Most patients did not have completely collapsed disc spaces or “vacuum phenomenon,” evidenced by the preoperative disc heights. This indicates that there was at least some maintenance of central intradiscal pressure and thus persevered bony endplate cortical structure in keeping with Wolff’s law [20]. This logical preservation of the endplate may further explain our low degree of subsidence in both cohorts.

It is well established that pelvic tilt > 20° indicates the patient is attempting to compensate for sagittal imbalance, which would increase the workload of the paraspinal musculature, which could increase the VAS back score [4]. The average PT for lordotic and non-lordotic cohorts at the 6-month radiograph were 19.2° and 20.2°, respectively.

Generalizability

Our results are generalizable to middle-aged patients with degenerative lumbar spine conditions undergoing one or two-level MI-TLIF with a static titanium cage.
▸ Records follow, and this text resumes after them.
lemma delta_U_cond_letter:
  assumes "delta_U_cond p"
  shows "p [a] (f + g) = p [] f * p [a] g + p [a] f * p [] g"
  using assms unfolding delta_U_cond_def by (simp add: lessThan_Suc Pow_insert)

lemma hopf_pairing_Gb:
  assumes hopf: "hopf_pairing C p" and gen: "pairs_generators C p"
  shows "p [a] {#Gb i j#} = - C i a j"
proof -
  have dU: "delta_U_cond p" and eU: "p [a] {#} = 0" and eO: "p [] {#x#} = (if gdiag x then 1 else 0)" for x
    using hopf unfolding hopf_pairing_def eps_U_cond_def eps_O_cond_def by auto
  have "(\<Sum>k\<in>UNIV. p [a] ({#} + {#G i k, Gb k j#})) - (if i = j then p [a] {#} else 0) = 0"
    using hopf unfolding hopf_pairing_def vanishes_O_def by blast
  then have "(\<Sum>k\<in>UNIV. p [a] ({#G i k#} + {#Gb k j#})) = 0"
    by (simp add: eU add_mset_commute)
  moreover have "p [a] ({#G i k#} + {#Gb k j#})
      = (if i = k then p [a] {#Gb k j#} else 0) + (if k = j then C i a k else 0)" for k
    using delta_U_cond_letter[OF dU, of a "{#G i k#}" "{#Gb k j#}"] gen
    by (simp add: eO pairs_generators_def)
  ultimately show ?thesis
    by (simp add: sum.distrib eq_neg_iff_add_eq_0)
qed

lemma hopf_pairing_letter:
  fixes C :: "'n::finite \<Rightarrow> 'n \<Rightarrow> 'n \<Rightarrow> 'k::field"
  assumes hopf: "hopf_pairing C p" and gen: "pairs_generators C p"
  shows "p [a] (mset gl) = list_pairing C [a] gl"
proof (induction gl)
  case Nil
  then show ?case
    using hopf by (simp add: hopf_pairing_def eps_U_cond_def)
next
  case (Cons x gl)
  have eO: "p [] (mset fl) = eps_list fl" for fl
    using hopf by (simp add: hopf_pairing_def eps_O_cond_def eps_list_def)
  have "p [a] {#x#} = var_pairing C a x"
    using gen hopf_pairing_Gb[OF hopf gen] by (cases x) (simp_all add: pairs_generators_def)
  moreover have "delta_U_cond p"
    using hopf by (simp add: hopf_pairing_def)
  ultimately have "p [a] ({#x#} + mset gl) = list_pairing C [a] (x # gl)"
    using delta_U_cond_letter[of p a "{#x#}" "mset gl"] eO[of "[x]"] eO[of gl]
    by (simp add: Cons.IH list_pairing_letter_Cons mult.commute)
  then show ?case
    by simp
qed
To our knowledge, this is the first study to compare the radiographic and clinical outcomes of lordotic and non-lordotic static titanium cages in MI-TLIF.

Limitations

Due to the retrospective design, our study may be subject to some bias, particularly regarding the clinical outcome, that may not be present in a prospective study. We did not assess radiographic coronal imbalance. However, Daubs et al. demonstrated that only sagittal plane correction was a predictor of ODI improvement in the setting of combined coronal and sagittal deformity [21].

Conclusions

This study demonstrates that the use of a static lordotic titanium cage in 1-2 level MI-TLIF did not result in significantly different radiographic or PROs compared with a non-lordotic cage. Lordotic and non-lordotic cage cohorts had low grades of subsidence and improvement in interspace height, segmental lordosis, and PROs postoperatively.